>>>>>

definition piece_boundary :: "nat \<Rightarrow> nat set \<Rightarrow> 'f" where
  "piece_boundary i = bd n (d + 1) (restrict_chain Z (P i))"

lemmas P_nonempty = separated_partitionD(1)[OF partition]
  and P_subset = separated_partitionD(2)[OF partition]
  and P_cover = separated_partitionD(3)[OF partition]
  and P_separated = separated_partitionD(4)[OF partition]

lemma is_cycle_piece_boundary: "is_cycle n d (piece_boundary i)"
  using bd_is_cycle[of n d] by (simp add: piece_boundary_def)

lemma supp_piece_boundary_subset_cplx:
  assumes "i < m"
  shows "supp (piece_boundary i) \<subseteq> cplx D"
  unfolding piece_boundary_def
proof (rule supp_bd_restrict_chain_subset_cplx)
  show "bd n (d + 1) Z = (\<lambda>_. 0)" using cycle by (simp add: is_cycle_def)
  fix \<sigma> \<rho>
  assume "\<sigma> \<in> P i" "\<rho> \<in> supp Z - D" "facet_adj d \<sigma> \<rho>"
  then show "\<rho> \<in> P i" using P_cover P_separated assms by metis
qed

lemma supp_piece_boundaries_disjoint:
  assumes "i < m" "j < m" "i \<noteq> j"
  shows "supp (piece_boundary i) \<inter> supp (piece_boundary j) = {}"
  unfolding piece_boundary_def
  using assms P_separated by (intro supp_bd_restrict_chain_disjoint) blast

lemma Z_decomposition:
  "Z \<sigma> = restrict_chain Z D \<sigma> + (\<Sum>i<m. 1 * restrict_chain Z (P i) \<sigma>)"
proof (cases "\<sigma> \<in> supp Z - D")
  case True
  then obtain i0 where "i0 < m" "\<sigma> \<in> P i0" using P_cover by blast
  then show ?thesis
    using True sum_restrict_chain_block[OF partition, of "{..<m}" i0 \<sigma> "\<lambda>_. 1" Z]
    by (simp add: restrict_chain_def)
next
  case False
  then have "restrict_chain Z (P i) \<sigma> = 0" if "i < m" for i
    using P_subset[OF that] by (auto simp: restrict_chain_def)
  moreover have "restrict_chain Z D \<sigma> = Z \<sigma>"
    using False by (auto simp: restrict_chain_def supp_def)
  ultimately show ?thesis by simp
qed

lemma sum_piece_boundaries_in_boundaries:
  "(\<lambda>\<tau>. \<Sum>i<m. 1 * piece_boundary i \<tau>) \<in> boundaries n (d + 1) (cplx D)"
proof -
  define B where "B = (\<lambda>\<sigma>. - restrict_chain Z D \<sigma>)"
  have "supp B \<subseteq> D" by (auto simp: B_def supp_def restrict_chain_def)
  then have "is_chain n (d + 1) B" "supp B \<subseteq> cplx D"
    using cycle D_subset is_chain_supp_subset[of n "d + 1" Z B] by (auto simp: is_cycle_def cplx_def)
  moreover have "(\<lambda>\<tau>. \<Sum>i<m. 1 * piece_boundary i \<tau>) = bd n (d + 1) B"
  proof
    fix \<tau>
    have "0 = bd n (d + 1) Z \<tau>" using cycle by (simp add: is_cycle_def)
    also have "\<dots> = bd n (d + 1) (\<lambda>\<sigma>. restrict_chain Z D \<sigma> + (\<Sum>i<m. 1 * restrict_chain Z (P i) \<sigma>)) \<tau>"
      by (rule bd_cong_cofaces) (rule Z_decomposition)
    also have "\<dots> = bd n (d + 1) (restrict_chain Z D) \<tau> + (\<Sum>i<m. 1 * piece_boundary i \<tau>)"
      by (simp only: bd_add bd_linear_combination[OF finite_lessThan] piece_boundary_def)
    finally show "(\<Sum>i<m. 1 * piece_boundary i \<tau>) = bd n (d + 1) B \<tau>"
      by (simp add: B_def bd_uminus eq_neg_iff_add_eq_0 add.commute)
  qed
  ultimately show ?thesis unfolding boundaries_def by blast
qed

lemma piece_boundaries_independent:
  assumes simple: "simple_cycle n (d + 1) Z" and "j < m" "i \<in> {..<m} - {j}"
    and "(\<lambda>\<tau>. \<Sum>i\<in>{..<m} - {j}. a i * piece_boundary i \<tau>) \<in> boundaries n (d + 1) (cplx D)"
  shows "a i = 0"
proof -
  define I where "I = {..<m} - {j}"
  obtain B where B: "is_chain n (d + 1) B" "supp B \<subseteq> cplx D"
    and bd_B: "(\<lambda>\<tau>. \<Sum>i\<in>I. a i * piece_boundary i \<tau>) = bd n (d + 1) B"
    using assms(4) by (auto simp: boundaries_def I_def)
  have Z_chain: "is_chain n (d + 1) Z" using cycle by (simp add: is_cycle_def)
  have "supp B \<subseteq> D"
  proof (rule chain_on_cplx_supp_subset[OF B])
    fix \<delta>
    assume "\<delta> \<in> D"
    then show "finite \<delta> \<and> card \<delta> = d + 1"
      using Z_chain D_subset finite_subset by (fastforce simp: is_chain_def supp_def)
  qed
  then have B_vanishes: "B \<sigma> = 0" if "\<sigma> \<notin> D" for \<sigma>
    using that by (auto simp: supp_def)
  define W where "W = (\<lambda>\<sigma>. (\<Sum>i\<in>I. a i * restrict_chain Z (P i) \<sigma>) - B \<sigma>)"
  have "bd n (d + 1) W = (\<lambda>_. 0)"
  proof
    fix \<tau>
    have "bd n (d + 1) W \<tau> = (\<Sum>i\<in>I. a i * piece_boundary i \<tau>) - bd n (d + 1) B \<tau>"
      unfolding W_def bd_diff bd_linear_combination[OF finite_Diff[OF finite_lessThan]] I_def
        piece_boundary_def ..
    then show "bd n (d + 1) W \<tau> = 0" using fun_cong[OF bd_B, of \<tau>] by simp
  qed
  moreover have "supp W \<subseteq> supp Z"
  proof
    fix \<sigma>
    assume "\<sigma> \<in> supp W"
    moreover have "W \<sigma> = 0" if "Z \<sigma> = 0"
    proof -
      have "\<sigma> \<notin> D" using that D_subset by (auto simp: supp_def)
      moreover have "restrict_chain Z (P i) \<sigma> = 0" for i
        using that by (simp add: restrict_chain_def)
      ultimately show ?thesis using B_vanishes by (simp add: W_def)
    qed
    ultimately show "\<sigma> \<in> supp Z" by (auto simp: supp_def)
  qed
  ultimately have "is_cycle n (d + 1) W" "supp W \<subseteq> supp Z"
    using is_chain_supp_subset[OF Z_chain] by (auto simp: is_cycle_def)
  then obtain c where W: "W = (\<lambda>\<sigma>. c * Z \<sigma>)"
    using simple by (auto simp: simple_cycle_def)
  have Z_block: "\<sigma> \<in> supp Z - D" if "i0 < m" "\<sigma> \<in> P i0" for i0 \<sigma>
    using P_subset that by blast
  have W_block: "W \<sigma> = (if i0 \<in> I then a i0 * Z \<sigma> else 0)" if "i0 < m" "\<sigma> \<in> P i0" for i0 \<sigma>
    using sum_restrict_chain_block[OF partition _ that, of I a Z] B_vanishes Z_block[OF that]
    by (simp add: W_def I_def)
  obtain \<sigma>j where \<sigma>j: "\<sigma>j \<in> P j" using P_nonempty \<open>j < m\<close> by blast
  have "c * Z \<sigma>j = 0" using W W_block[OF \<open>j < m\<close> \<sigma>j] by (simp add: I_def fun_eq_iff)
  then have "c = 0" using Z_block[OF \<open>j < m\<close> \<sigma>j] by (simp add: supp_def)
  obtain \<sigma>i where \<sigma>i: "\<sigma>i \<in> P i" using P_nonempty assms(3) by blast
  have "a i * Z \<sigma>i = 0"
    using W W_block[OF _ \<sigma>i] assms(3) \<open>c = 0\<close> by (simp add: I_def fun_eq_iff)
  then show "a i = 0" using Z_block[OF _ \<sigma>i] assms(3) by (simp add: supp_def)
qed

<<<<<

**Aim of the task**
Please write out, exactly as they appear, the lines from the line containing "obtain \<sigma>i where" through the last line of the records above, both included.

**Solution for this task**
  obtain \<sigma>i where \<sigma>i: "\<sigma>i \<in> P i" using P_nonempty assms(3) by blast
  have "a i * Z \<sigma>i = 0"
    using W W_block[OF _ \<sigma>i] assms(3) \<open>c = 0\<close> by (simp add: I_def fun_eq_iff)
  then show "a i = 0" using Z_block[OF _ \<sigma>i] assms(3) by (simp add: supp_def)
qed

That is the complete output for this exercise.